* [Task item]:
Take the lines below beginning at the line that has "using assms(4) by" and stopping after the line that has "else \<eta>2 i) \<in>", and print them exactly as they are, with no other lines.

(Exercise materials)

text \<open>Sorting the exponents produces either a repeated exponent, which kills the alternant, or a
  strictly decreasing sequence, that is, a generalized partition shifted by the staircase.\<close>

lemma alternant_straighten:
  fixes b :: "nat \<Rightarrow> int"
  obtains e :: int and mu where "gen_partition n mu"
    "\<And>x :: nat \<Rightarrow> 'a::field_char_0. alternant n b x = of_int e * alternant n (\<lambda>i. mu ! i + staircase n i) x"
proof -
  obtain s where s: "s permutes {..<n}" and antimono: "antimono_on {..<n} (b \<circ> s)"
    by (rule exists_permutation_antimono_on)
  define c where "c = b \<circ> s"
  have alternant_b: "alternant n b x = of_int (sign s) * alternant n c x" for x :: "nat \<Rightarrow> 'a"
    using alternant_permute_exponents[OF s, of b x]
    by (simp add: c_def flip: of_int_mult)
  show ?thesis
  proof (cases "\<forall>k. Suc k < n \<longrightarrow> c (Suc k) < c k")
    case True
    define mu where "mu = map (\<lambda>i. c i - staircase n i) [0..<n]"
    have "gen_partition n mu"
      unfolding gen_partition_def sorted_wrt_iff_nth_Suc_transp[OF transp_on_ge]
      using True by (auto simp: mu_def staircase_def nth_append)
    moreover have "alternant n c x = alternant n (\<lambda>i. mu ! i + staircase n i) x" for x :: "nat \<Rightarrow> 'a"
      by (rule alternant_cong) (simp add: mu_def)
    ultimately show ?thesis using that alternant_b by metis
  next
    case False
    then obtain k where k: "Suc k < n" "\<not> c (Suc k) < c k" by blast
    moreover have "c (Suc k) \<le> c k" using antimono k(1) by (simp add: monotone_on_def c_def)
    ultimately have "c (Suc k) = c k" by simp
    have "alternant n c x = 0" for x :: "nat \<Rightarrow> 'a"
      using k(1) \<open>c (Suc k) = c k\<close> by (intro alternant_repeated_exponent[of "Suc k" n k]) auto
    hence "alternant n b x = of_int 0 * alternant n (\<lambda>i. replicate n 0 ! i + staircase n i) x"
      for x :: "nat \<Rightarrow> 'a"
      by (simp add: alternant_b)
    moreover have "gen_partition n (replicate n 0)"
      by (simp add: gen_partition_def sorted_wrt_iff_nth_less)
    ultimately show ?thesis using that by blast
  qed
qed
(* Let $X$ be a compact metric space with metric $d$. If a continuous map $f\colon X\to X$ satisfies $X=R(f)$ and has the contractive shadowing property, then $X$ is a finite set.
   Context: For $x\in X$, the $\omega$-limit set $\omega(x,f)$ is the set of $y\in X$ such that $f^{i_j}(x)\to y$ for some sequence $0\le i_1<i_2<\cdots$. $R(f)=\{x\in X: x\in\omega(x,f)\}$. For $\delta>0$, a sequence $(x_i)_{i\ge0}$ is a $\delta$-pseudo orbit of $f$ if $d(f(x_i),x_{i+1})\le\delta$ for all $i\ge0$; it is $\epsilon$-shadowed by $x$ if $d(f^i(x),x_i)\le\epsilon$ for all $i\ge0$. $f$ has the contractive shadowing property if there are $0<L<1$ and $\delta_0>0$ such that for every $0<\delta\le\delta_0$, every $\delta$-pseudo orbit of $f$ is $L\delta$-shadowed by some point of $X$. *)

theory Defs
  imports "HOL-Analysis.Analysis"
begin

definition omega_limit :: "('a::metric_space \<Rightarrow> 'a) \<Rightarrow> 'a \<Rightarrow> 'a set" where
  "omega_limit f x = {y. \<exists>r::nat \<Rightarrow> nat. strict_mono r \<and> (\<lambda>j. (f ^^ r j) x) \<longlonglongrightarrow> y}"

definition recurrent_set :: "'a set \<Rightarrow> ('a::metric_space \<Rightarrow> 'a) \<Rightarrow> 'a set" where
  "recurrent_set X f = {x \<in> X. x \<in> omega_limit f x}"

definition pseudo_orbit :: "'a set \<Rightarrow> ('a::metric_space \<Rightarrow> 'a) \<Rightarrow> real \<Rightarrow> (nat \<Rightarrow> 'a) \<Rightarrow> bool" where
  "pseudo_orbit X f \<delta> xs \<longleftrightarrow> (\<forall>i. xs i \<in> X) \<and> (\<forall>i. dist (f (xs i)) (xs (Suc i)) \<le> \<delta>)"

definition shadows :: "('a::metric_space \<Rightarrow> 'a) \<Rightarrow> real \<Rightarrow> 'a \<Rightarrow> (nat \<Rightarrow> 'a) \<Rightarrow> bool" where
  "shadows f \<epsilon> x xs \<longleftrightarrow> (\<forall>i. dist ((f ^^ i) x) (xs i) \<le> \<epsilon>)"

definition contractive_shadowing :: "'a set \<Rightarrow> ('a::metric_space \<Rightarrow> 'a) \<Rightarrow> bool" where
  "contractive_shadowing X f \<longleftrightarrow>
     (\<exists>L \<delta>0. 0 < L \<and> L < 1 \<and> 0 < \<delta>0 \<and>
        (\<forall>\<delta>. 0 < \<delta> \<and> \<delta> \<le> \<delta>0 \<longrightarrow>
           (\<forall>xs. pseudo_orbit X f \<delta> xs \<longrightarrow> (\<exists>x\<in>X. shadows f (L * \<delta>) x xs))))"

end

theory Submission
  imports Defs "HOL-Combinatorics.Orbits"
begin

(* Contractive shadowing can be iterated on a pseudo-orbit with a single jump of size delta:
   shadowing it and splicing the shadowing orbit in replaces that jump by two jumps of size
   L delta, half as far apart.  After k rounds, one more shadowing follows the original
   pseudo-orbit within L^(k+1) delta, except on a window of length 2^k before the jump.
   With 3 L^(k+1) < 1, a minimiser of dist(f^t w, w) + dist(w, x) must be f^t-periodic, so by
   recurrence periodic points are dense.  With L^(k+1) arbitrarily small, gluing the orbit of a
   periodic point q to that of a nearby periodic point p and using the recurrence of the
   shadowing point shows that q lies in the orbit of p.  Hence X meets every small ball in a
   single periodic orbit, and compactness leaves only finitely many points. *)

lemma funpow_mem_invariant:
  assumes "f ` X \<subseteq> X" "x \<in> X"
  shows "(f ^^ n) x \<in> X"
  using assms by (induction n) auto

lemma continuous_on_funpow:
  assumes "continuous_on X f" "f ` X \<subseteq> X"
  shows "continuous_on X (f ^^ n)"
proof (induction n)
  case 0
  then show ?case by (simp add: continuous_on_id)
next
  case (Suc n)
  have "(f ^^ n) ` X \<subseteq> X"
    using funpow_mem_invariant[OF assms(2)] by blast
  then have "continuous_on ((f ^^ n) ` X) f"
    by (rule continuous_on_subset[OF assms(1)])
  then show ?case
    using continuous_on_compose[OF Suc.IH] by simp
qed

lemma recurrent_set_returns:
  assumes "x \<in> recurrent_set X f" "0 < e"
  shows "\<exists>N\<ge>M. dist ((f ^^ N) x) x < e"
proof -
  obtain r where r: "strict_mono r" "(\<lambda>j. (f ^^ r j) x) \<longlonglongrightarrow> x"
    using assms(1) unfolding recurrent_set_def omega_limit_def by blast
  then obtain J where "\<forall>j\<ge>J. dist ((f ^^ r j) x) x < e"
    using assms(2) unfolding lim_sequentially by blast
  moreover have "M \<le> r (max J M)"
    using seq_suble[OF r(1), of "max J M"] by simp
  ultimately show ?thesis
    by (intro exI[of _ "r (max J M)"]) auto
qed

definition glued_orbit :: "('a \<Rightarrow> 'a) \<Rightarrow> 'a \<Rightarrow> nat \<Rightarrow> 'a \<Rightarrow> nat \<Rightarrow> 'a" where
  "glued_orbit f a t b i = (if i < t then (f ^^ i) a else (f ^^ (i - t)) b)"

lemma pseudo_orbit_glued_orbit:
  assumes "f ` X \<subseteq> X" "a \<in> X" "b \<in> X" "dist ((f ^^ t) a) b \<le> \<delta>"
  shows "pseudo_orbit X f \<delta> (glued_orbit f a t b)"
  unfolding pseudo_orbit_def
proof (intro conjI allI)
  fix i
  show "glued_orbit f a t b i \<in> X"
    using assms by (simp add: glued_orbit_def funpow_mem_invariant)
  have "0 \<le> \<delta>"
    using assms(4) zero_le_dist[of "(f ^^ t) a" b] by linarith
  moreover have "f (glued_orbit f a t b i) = glued_orbit f a t b (Suc i)" if "Suc i \<noteq> t"
    using that by (simp add: glued_orbit_def Suc_diff_le)
  moreover have "f (glued_orbit f a t b i) = (f ^^ t) a" "glued_orbit f a t b (Suc i) = b"
    if "Suc i = t"
    using that by (auto simp: glued_orbit_def)
  ultimately show "dist (f (glued_orbit f a t b i)) (glued_orbit f a t b (Suc i)) \<le> \<delta>"
    using assms(4) by (cases "Suc i = t") auto
qed

lemma pseudo_orbit_splice:
  assumes "pseudo_orbit X f \<delta> \<eta>1" "pseudo_orbit X f \<delta> \<eta>2" "\<eta>1 s = \<eta>2 s"
  shows "pseudo_orbit X f \<delta> (\<lambda>i. if i < s then \<eta>1 i else \<eta>2 i)"
  unfolding pseudo_orbit_def
proof (intro conjI allI)
  fix i
  show "(if i < s then \<eta>1 i else \<eta>2 i) \<in> X"
    using assms(1,2) by (simp add: pseudo_orbit_def)
  have "dist (f (\<eta>1 i)) (\<eta>1 (Suc i)) \<le> \<delta>" "dist (f (\<eta>2 i)) (\<eta>2 (Suc i)) \<le> \<delta>"
    using assms(1,2) by (simp_all add: pseudo_orbit_def)
  then show "dist (f (if i < s then \<eta>1 i else \<eta>2 i))
      (if Suc i < s then \<eta>1 (Suc i) else \<eta>2 (Suc i)) \<le> \<delta>"
    using assms(3) by (cases "Suc i = s") auto
qed

locale contractive_shadowing_on =
  fixes X :: "'a::metric_space set" and f :: "'a \<Rightarrow> 'a" and L \<delta>0 :: real
  assumes maps_into: "f ` X \<subseteq> X"
    and L_pos: "0 < L" and L_less_1: "L < 1" and \<delta>0_pos: "0 < \<delta>0"
    and shadowing: "\<And>\<delta> \<xi>. 0 < \<delta> \<Longrightarrow> \<delta> \<le> \<delta>0 \<Longrightarrow> pseudo_orbit X f \<delta> \<xi> \<Longrightarrow>
      \<exists>z\<in>X. shadows f (L * \<delta>) z \<xi>"
begin

lemma power_mult_bounds:
  assumes "0 < \<delta>" "\<delta> \<le> \<delta>0"
  shows "0 < L ^ k * \<delta>" "L ^ k * \<delta> \<le> \<delta>0"
proof -
  have "L ^ k \<le> 1"
    using L_pos L_less_1 by (simp add: power_le_one)
  then have "L ^ k * \<delta> \<le> \<delta>"
    using L_pos assms(1) by (intro mult_left_le_one_le) auto
  then show "L ^ k * \<delta> \<le> \<delta>0"
    using assms(2) by linarith
  show "0 < L ^ k * \<delta>"
    using L_pos assms(1) by simp
qed

lemma glued_orbit_jump_split:
  assumes "0 < \<delta>" "\<delta> \<le> \<delta>0" "a \<in> X" "b \<in> X" "dist ((f ^^ t) a) b \<le> \<delta>"
  shows "\<exists>z\<in>X. (\<forall>s<t. dist ((f ^^ s) a) ((f ^^ s) z) \<le> L * \<delta>) \<and> dist ((f ^^ t) z) b \<le> L * \<delta>"
proof -
  obtain z where "z \<in> X" and z: "\<And>i. dist ((f ^^ i) z) (glued_orbit f a t b i) \<le> L * \<delta>"
    using shadowing[OF assms(1,2) pseudo_orbit_glued_orbit[OF maps_into assms(3-5)]]
    unfolding shadows_def by blast
  have "dist ((f ^^ s) a) ((f ^^ s) z) \<le> L * \<delta>" if "s < t" for s
    using z[of s] that by (simp add: glued_orbit_def dist_commute)
  moreover have "dist ((f ^^ t) z) b \<le> L * \<delta>"
    using z[of t] by (simp add: glued_orbit_def)
  ultimately show ?thesis
    using \<open>z \<in> X\<close> by blast
qed

lemma glued_orbit_refinement:
  assumes "0 < \<delta>" "\<delta> \<le> \<delta>0" "2 ^ k \<le> t" "a \<in> X" "b \<in> X" "dist ((f ^^ t) a) b \<le> \<delta>"
  shows "\<exists>\<eta>. pseudo_orbit X f (L ^ k * \<delta>) \<eta> \<and>
    (\<forall>i. i \<le> t - 2 ^ k \<or> t \<le> i \<longrightarrow> \<eta> i = glued_orbit f a t b i)"
  using assms
proof (induction k arbitrary: \<delta> t a b)
  case 0
  then show ?case
    using pseudo_orbit_glued_orbit[OF maps_into 0(4-6)] by auto
next
  case (Suc k)
  define s where "s = t - 2 ^ k"
  have "(0::nat) < 2 ^ k" "2 * 2 ^ k \<le> t"
    using Suc.prems(3) by simp_all
  then have s: "2 ^ k \<le> s" "s < t" "2 ^ k \<le> t" "t - 2 ^ Suc k = s - 2 ^ k"
    unfolding s_def power_Suc by linarith+
  obtain z where "z \<in> X" and jump_s: "dist ((f ^^ s) a) ((f ^^ s) z) \<le> L * \<delta>"
      and jump_t: "dist ((f ^^ t) z) b \<le> L * \<delta>"
    using glued_orbit_jump_split[OF Suc.prems(1,2,4-6)] s(2) by blast
  have L\<delta>: "0 < L * \<delta>" "L * \<delta> \<le> \<delta>0"
    using power_mult_bounds[OF Suc.prems(1,2), of 1] by simp_all
  obtain \<eta>1 where \<eta>1: "pseudo_orbit X f (L ^ k * (L * \<delta>)) \<eta>1"
      "\<forall>i. i \<le> s - 2 ^ k \<or> s \<le> i \<longrightarrow> \<eta>1 i = glued_orbit f a s ((f ^^ s) z) i"
    using Suc.IH[OF L\<delta> s(1) Suc.prems(4) funpow_mem_invariant[OF maps_into \<open>z \<in> X\<close>] jump_s]
    by blast
  obtain \<eta>2 where \<eta>2: "pseudo_orbit X f (L ^ k * (L * \<delta>)) \<eta>2"
      "\<forall>i. i \<le> t - 2 ^ k \<or> t \<le> i \<longrightarrow> \<eta>2 i = glued_orbit f z t b i"
    using Suc.IH[OF L\<delta> s(3) \<open>z \<in> X\<close> Suc.prems(5) jump_t] by blast
  have "\<eta>1 s = \<eta>2 s"
    using \<eta>1(2) \<eta>2(2) s by (simp add: glued_orbit_def s_def)
  then have "pseudo_orbit X f (L ^ Suc k * \<delta>) (\<lambda>i. if i < s then \<eta>1 i else \<eta>2 i)"
    using pseudo_orbit_splice[OF \<eta>1(1) \<eta>2(1)] by (simp add: mult.assoc mult.left_commute)
  moreover have "(if i < s then \<eta>1 i else \<eta>2 i) = glued_orbit f a t b i"
    if "i \<le> t - 2 ^ Suc k \<or> t \<le> i" for i
    using that
  proof
    assume "i \<le> t - 2 ^ Suc k"
    then have "i \<le> s - 2 ^ k" "i < s" "i < t"
      using s \<open>0 < 2 ^ k\<close> by linarith+
    then show ?thesis
      using \<eta>1(2) by (simp add: glued_orbit_def)
  next
    assume "t \<le> i"
    then show ?thesis
      using \<eta>2(2) s(2) by (simp add: glued_orbit_def)
  qed
  ultimately show ?case
    by blast
qed

lemma glued_orbit_shadowing:
  assumes "0 < \<delta>" "\<delta> \<le> \<delta>0" "2 ^ k \<le> t" "a \<in> X" "b \<in> X" "dist ((f ^^ t) a) b \<le> \<delta>"
  shows "\<exists>z\<in>X. dist z a \<le> L ^ Suc k * \<delta> \<and>
    (\<forall>i\<ge>t. dist ((f ^^ i) z) ((f ^^ (i - t)) b) \<le> L ^ Suc k * \<delta>)"
proof -
  obtain \<eta> where \<eta>: "pseudo_orbit X f (L ^ k * \<delta>) \<eta>"
      "\<forall>i. i \<le> t - 2 ^ k \<or> t \<le> i \<longrightarrow> \<eta> i = glued_orbit f a t b i"
    using glued_orbit_refinement[OF assms] by blast
  then obtain z where "z \<in> X" and z: "\<And>i. dist ((f ^^ i) z) (\<eta> i) \<le> L ^ Suc k * \<delta>"
    using shadowing[OF power_mult_bounds[OF assms(1,2), of k]] unfolding shadows_def
    by (fastforce simp: mult.assoc)
  have "(0::nat) < 2 ^ k"
    by simp
  then have "0 < t"
    using assms(3) by linarith
  then have "\<eta> 0 = a" "\<And>i. t \<le> i \<Longrightarrow> \<eta> i = (f ^^ (i - t)) b"
    using \<eta>(2) by (auto simp: glued_orbit_def)
  then show ?thesis
    using \<open>z \<in> X\<close> z by (metis funpow_0)
qed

(End Exercise materials)

* [Reply to the task]:
    using assms(4) by (cases "Suc i = t") auto
qed

lemma pseudo_orbit_splice:
  assumes "pseudo_orbit X f \<delta> \<eta>1" "pseudo_orbit X f \<delta> \<eta>2" "\<eta>1 s = \<eta>2 s"
  shows "pseudo_orbit X f \<delta> (\<lambda>i. if i < s then \<eta>1 i else \<eta>2 i)"
  unfolding pseudo_orbit_def
proof (intro conjI allI)
  fix i
  show "(if i < s then \<eta>1 i else \<eta>2 i) \<in> X"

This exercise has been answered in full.